* _PROMPT_
Please set down word for word every line from the one holding "v x y \<le>" to the end of the data below, both included.

+++++

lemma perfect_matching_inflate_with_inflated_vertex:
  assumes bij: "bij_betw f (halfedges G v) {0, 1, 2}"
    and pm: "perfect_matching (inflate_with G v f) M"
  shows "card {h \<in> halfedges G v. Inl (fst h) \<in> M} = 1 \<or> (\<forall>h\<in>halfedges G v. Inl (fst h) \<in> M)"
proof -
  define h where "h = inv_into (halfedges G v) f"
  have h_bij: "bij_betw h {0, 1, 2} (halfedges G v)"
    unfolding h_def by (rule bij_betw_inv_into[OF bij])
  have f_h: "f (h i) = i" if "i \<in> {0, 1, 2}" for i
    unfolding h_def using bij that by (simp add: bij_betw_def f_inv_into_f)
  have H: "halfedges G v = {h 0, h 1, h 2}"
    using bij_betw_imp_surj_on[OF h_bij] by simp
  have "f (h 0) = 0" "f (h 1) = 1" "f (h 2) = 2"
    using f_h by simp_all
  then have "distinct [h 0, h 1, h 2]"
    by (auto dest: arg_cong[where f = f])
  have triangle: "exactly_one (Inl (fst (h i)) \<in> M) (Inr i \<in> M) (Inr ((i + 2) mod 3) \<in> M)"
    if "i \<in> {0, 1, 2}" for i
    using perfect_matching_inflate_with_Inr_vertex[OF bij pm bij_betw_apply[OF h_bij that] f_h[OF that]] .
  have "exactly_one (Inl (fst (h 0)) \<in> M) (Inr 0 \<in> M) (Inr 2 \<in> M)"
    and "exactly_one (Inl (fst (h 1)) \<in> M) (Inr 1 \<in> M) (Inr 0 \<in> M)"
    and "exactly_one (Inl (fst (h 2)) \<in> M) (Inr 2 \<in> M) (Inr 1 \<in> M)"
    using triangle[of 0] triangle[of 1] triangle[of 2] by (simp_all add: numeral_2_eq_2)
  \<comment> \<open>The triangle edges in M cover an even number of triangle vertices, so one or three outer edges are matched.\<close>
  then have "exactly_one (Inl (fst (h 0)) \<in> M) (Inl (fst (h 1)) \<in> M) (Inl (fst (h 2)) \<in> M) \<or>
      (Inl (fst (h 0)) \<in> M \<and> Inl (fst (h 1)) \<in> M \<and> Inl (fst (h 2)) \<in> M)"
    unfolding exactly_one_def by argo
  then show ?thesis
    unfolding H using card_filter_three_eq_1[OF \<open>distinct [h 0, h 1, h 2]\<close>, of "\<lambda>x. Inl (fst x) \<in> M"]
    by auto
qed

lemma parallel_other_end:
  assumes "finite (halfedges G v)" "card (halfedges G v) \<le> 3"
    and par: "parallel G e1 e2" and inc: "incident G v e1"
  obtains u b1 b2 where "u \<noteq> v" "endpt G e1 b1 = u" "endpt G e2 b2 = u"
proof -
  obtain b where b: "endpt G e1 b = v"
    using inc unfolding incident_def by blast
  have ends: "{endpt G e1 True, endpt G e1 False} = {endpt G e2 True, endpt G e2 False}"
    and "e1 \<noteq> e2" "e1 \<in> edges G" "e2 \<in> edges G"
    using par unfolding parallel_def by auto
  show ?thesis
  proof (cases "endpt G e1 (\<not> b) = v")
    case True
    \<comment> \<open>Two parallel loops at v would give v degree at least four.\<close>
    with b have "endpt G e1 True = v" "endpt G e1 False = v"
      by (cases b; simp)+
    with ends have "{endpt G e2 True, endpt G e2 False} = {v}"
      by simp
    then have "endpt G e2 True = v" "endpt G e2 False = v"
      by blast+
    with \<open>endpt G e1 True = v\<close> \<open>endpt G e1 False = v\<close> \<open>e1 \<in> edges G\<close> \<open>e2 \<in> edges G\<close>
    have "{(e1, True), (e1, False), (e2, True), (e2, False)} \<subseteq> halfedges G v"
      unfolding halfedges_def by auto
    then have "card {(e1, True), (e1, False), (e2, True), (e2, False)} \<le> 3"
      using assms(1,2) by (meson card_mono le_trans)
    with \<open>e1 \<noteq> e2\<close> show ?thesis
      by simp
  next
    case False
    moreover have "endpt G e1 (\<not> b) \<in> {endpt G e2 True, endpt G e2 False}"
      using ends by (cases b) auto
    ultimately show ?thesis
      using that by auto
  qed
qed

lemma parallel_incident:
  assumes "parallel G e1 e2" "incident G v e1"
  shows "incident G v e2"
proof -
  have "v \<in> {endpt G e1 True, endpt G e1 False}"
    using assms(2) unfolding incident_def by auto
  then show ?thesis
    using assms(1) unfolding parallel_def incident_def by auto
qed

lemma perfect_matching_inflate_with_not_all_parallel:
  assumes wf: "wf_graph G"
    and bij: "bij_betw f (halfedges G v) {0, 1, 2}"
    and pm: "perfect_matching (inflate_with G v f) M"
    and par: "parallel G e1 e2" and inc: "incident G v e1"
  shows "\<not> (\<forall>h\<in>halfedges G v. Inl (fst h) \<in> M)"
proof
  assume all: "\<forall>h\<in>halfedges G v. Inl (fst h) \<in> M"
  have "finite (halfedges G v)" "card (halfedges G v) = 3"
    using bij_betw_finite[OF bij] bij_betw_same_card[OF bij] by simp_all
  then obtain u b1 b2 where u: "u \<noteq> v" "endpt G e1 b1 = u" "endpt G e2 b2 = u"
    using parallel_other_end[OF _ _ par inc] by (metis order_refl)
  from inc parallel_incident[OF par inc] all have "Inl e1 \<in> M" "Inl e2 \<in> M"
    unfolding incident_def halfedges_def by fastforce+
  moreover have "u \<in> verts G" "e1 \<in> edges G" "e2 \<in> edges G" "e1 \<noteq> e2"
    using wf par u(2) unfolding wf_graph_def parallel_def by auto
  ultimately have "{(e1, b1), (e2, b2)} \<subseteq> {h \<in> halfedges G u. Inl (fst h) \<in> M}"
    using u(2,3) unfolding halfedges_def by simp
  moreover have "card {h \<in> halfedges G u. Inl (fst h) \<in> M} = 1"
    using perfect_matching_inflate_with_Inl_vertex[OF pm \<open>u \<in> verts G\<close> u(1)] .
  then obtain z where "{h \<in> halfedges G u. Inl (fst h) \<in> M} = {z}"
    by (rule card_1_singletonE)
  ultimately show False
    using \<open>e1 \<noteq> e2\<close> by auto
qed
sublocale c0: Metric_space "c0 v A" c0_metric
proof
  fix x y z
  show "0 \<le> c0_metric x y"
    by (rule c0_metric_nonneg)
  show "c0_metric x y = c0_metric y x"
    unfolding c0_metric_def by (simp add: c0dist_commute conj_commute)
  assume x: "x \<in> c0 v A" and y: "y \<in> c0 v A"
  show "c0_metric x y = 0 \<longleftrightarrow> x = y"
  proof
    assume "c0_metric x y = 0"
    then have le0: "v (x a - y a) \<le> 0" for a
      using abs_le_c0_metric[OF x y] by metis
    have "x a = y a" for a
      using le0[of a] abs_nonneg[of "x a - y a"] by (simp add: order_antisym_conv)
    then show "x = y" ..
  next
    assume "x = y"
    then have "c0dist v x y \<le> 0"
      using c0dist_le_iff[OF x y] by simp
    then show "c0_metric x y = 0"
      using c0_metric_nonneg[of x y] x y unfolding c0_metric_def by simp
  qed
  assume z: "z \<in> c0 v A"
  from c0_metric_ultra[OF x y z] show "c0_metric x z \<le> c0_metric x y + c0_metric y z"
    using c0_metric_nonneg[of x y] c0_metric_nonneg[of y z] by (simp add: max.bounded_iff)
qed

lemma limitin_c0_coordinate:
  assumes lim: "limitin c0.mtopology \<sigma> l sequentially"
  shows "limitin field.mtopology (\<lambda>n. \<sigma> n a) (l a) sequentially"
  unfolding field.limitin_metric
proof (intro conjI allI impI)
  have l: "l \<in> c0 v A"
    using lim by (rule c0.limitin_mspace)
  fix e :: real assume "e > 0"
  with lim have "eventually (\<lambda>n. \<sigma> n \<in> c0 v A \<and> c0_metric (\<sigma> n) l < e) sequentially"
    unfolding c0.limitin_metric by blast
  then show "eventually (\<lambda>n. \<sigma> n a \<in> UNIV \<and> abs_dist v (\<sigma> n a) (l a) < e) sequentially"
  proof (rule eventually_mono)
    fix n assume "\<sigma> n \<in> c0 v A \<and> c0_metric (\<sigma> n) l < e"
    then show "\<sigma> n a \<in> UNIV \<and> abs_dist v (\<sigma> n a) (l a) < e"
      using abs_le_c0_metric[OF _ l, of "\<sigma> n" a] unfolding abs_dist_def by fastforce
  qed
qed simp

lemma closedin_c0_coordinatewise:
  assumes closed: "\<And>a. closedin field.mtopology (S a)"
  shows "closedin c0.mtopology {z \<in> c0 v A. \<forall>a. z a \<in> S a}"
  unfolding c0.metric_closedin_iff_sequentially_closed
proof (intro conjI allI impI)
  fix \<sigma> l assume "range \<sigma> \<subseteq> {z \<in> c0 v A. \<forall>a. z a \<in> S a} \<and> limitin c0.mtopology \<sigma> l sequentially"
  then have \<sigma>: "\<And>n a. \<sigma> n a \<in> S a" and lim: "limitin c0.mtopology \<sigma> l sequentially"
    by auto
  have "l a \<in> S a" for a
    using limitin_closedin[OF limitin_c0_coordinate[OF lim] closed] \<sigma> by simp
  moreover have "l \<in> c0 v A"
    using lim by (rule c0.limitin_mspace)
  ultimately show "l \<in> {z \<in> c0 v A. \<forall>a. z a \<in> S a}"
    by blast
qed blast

+++++

* _REPLY_
    then have "c0dist v x y \<le> 0"
      using c0dist_le_iff[OF x y] by simp
    then show "c0_metric x y = 0"
      using c0_metric_nonneg[of x y] x y unfolding c0_metric_def by simp
  qed
  assume z: "z \<in> c0 v A"
  from c0_metric_ultra[OF x y z] show "c0_metric x z \<le> c0_metric x y + c0_metric y z"
    using c0_metric_nonneg[of x y] c0_metric_nonneg[of y z] by (simp add: max.bounded_iff)
qed

lemma limitin_c0_coordinate:
  assumes lim: "limitin c0.mtopology \<sigma> l sequentially"
  shows "limitin field.mtopology (\<lambda>n. \<sigma> n a) (l a) sequentially"
  unfolding field.limitin_metric
proof (intro conjI allI impI)
  have l: "l \<in> c0 v A"
    using lim by (rule c0.limitin_mspace)
  fix e :: real assume "e > 0"
  with lim have "eventually (\<lambda>n. \<sigma> n \<in> c0 v A \<and> c0_metric (\<sigma> n) l < e) sequentially"
    unfolding c0.limitin_metric by blast
  then show "eventually (\<lambda>n. \<sigma> n a \<in> UNIV \<and> abs_dist v (\<sigma> n a) (l a) < e) sequentially"
  proof (rule eventually_mono)
    fix n assume "\<sigma> n \<in> c0 v A \<and> c0_metric (\<sigma> n) l < e"
    then show "\<sigma> n a \<in> UNIV \<and> abs_dist v (\<sigma> n a) (l a) < e"
      using abs_le_c0_metric[OF _ l, of "\<sigma> n" a] unfolding abs_dist_def by fastforce
  qed
qed simp

lemma closedin_c0_coordinatewise:
  assumes closed: "\<And>a. closedin field.mtopology (S a)"
  shows "closedin c0.mtopology {z \<in> c0 v A. \<forall>a. z a \<in> S a}"
  unfolding c0.metric_closedin_iff_sequentially_closed
proof (intro conjI allI impI)
  fix \<sigma> l assume "range \<sigma> \<subseteq> {z \<in> c0 v A. \<forall>a. z a \<in> S a} \<and> limitin c0.mtopology \<sigma> l sequentially"
  then have \<sigma>: "\<And>n a. \<sigma> n a \<in> S a" and lim: "limitin c0.mtopology \<sigma> l sequentially"
    by auto
  have "l a \<in> S a" for a
    using limitin_closedin[OF limitin_c0_coordinate[OF lim] closed] \<sigma> by simp
  moreover have "l \<in> c0 v A"
    using lim by (rule c0.limitin_mspace)
  ultimately show "l \<in> {z \<in> c0 v A. \<forall>a. z a \<in> S a}"
    by blast
qed blast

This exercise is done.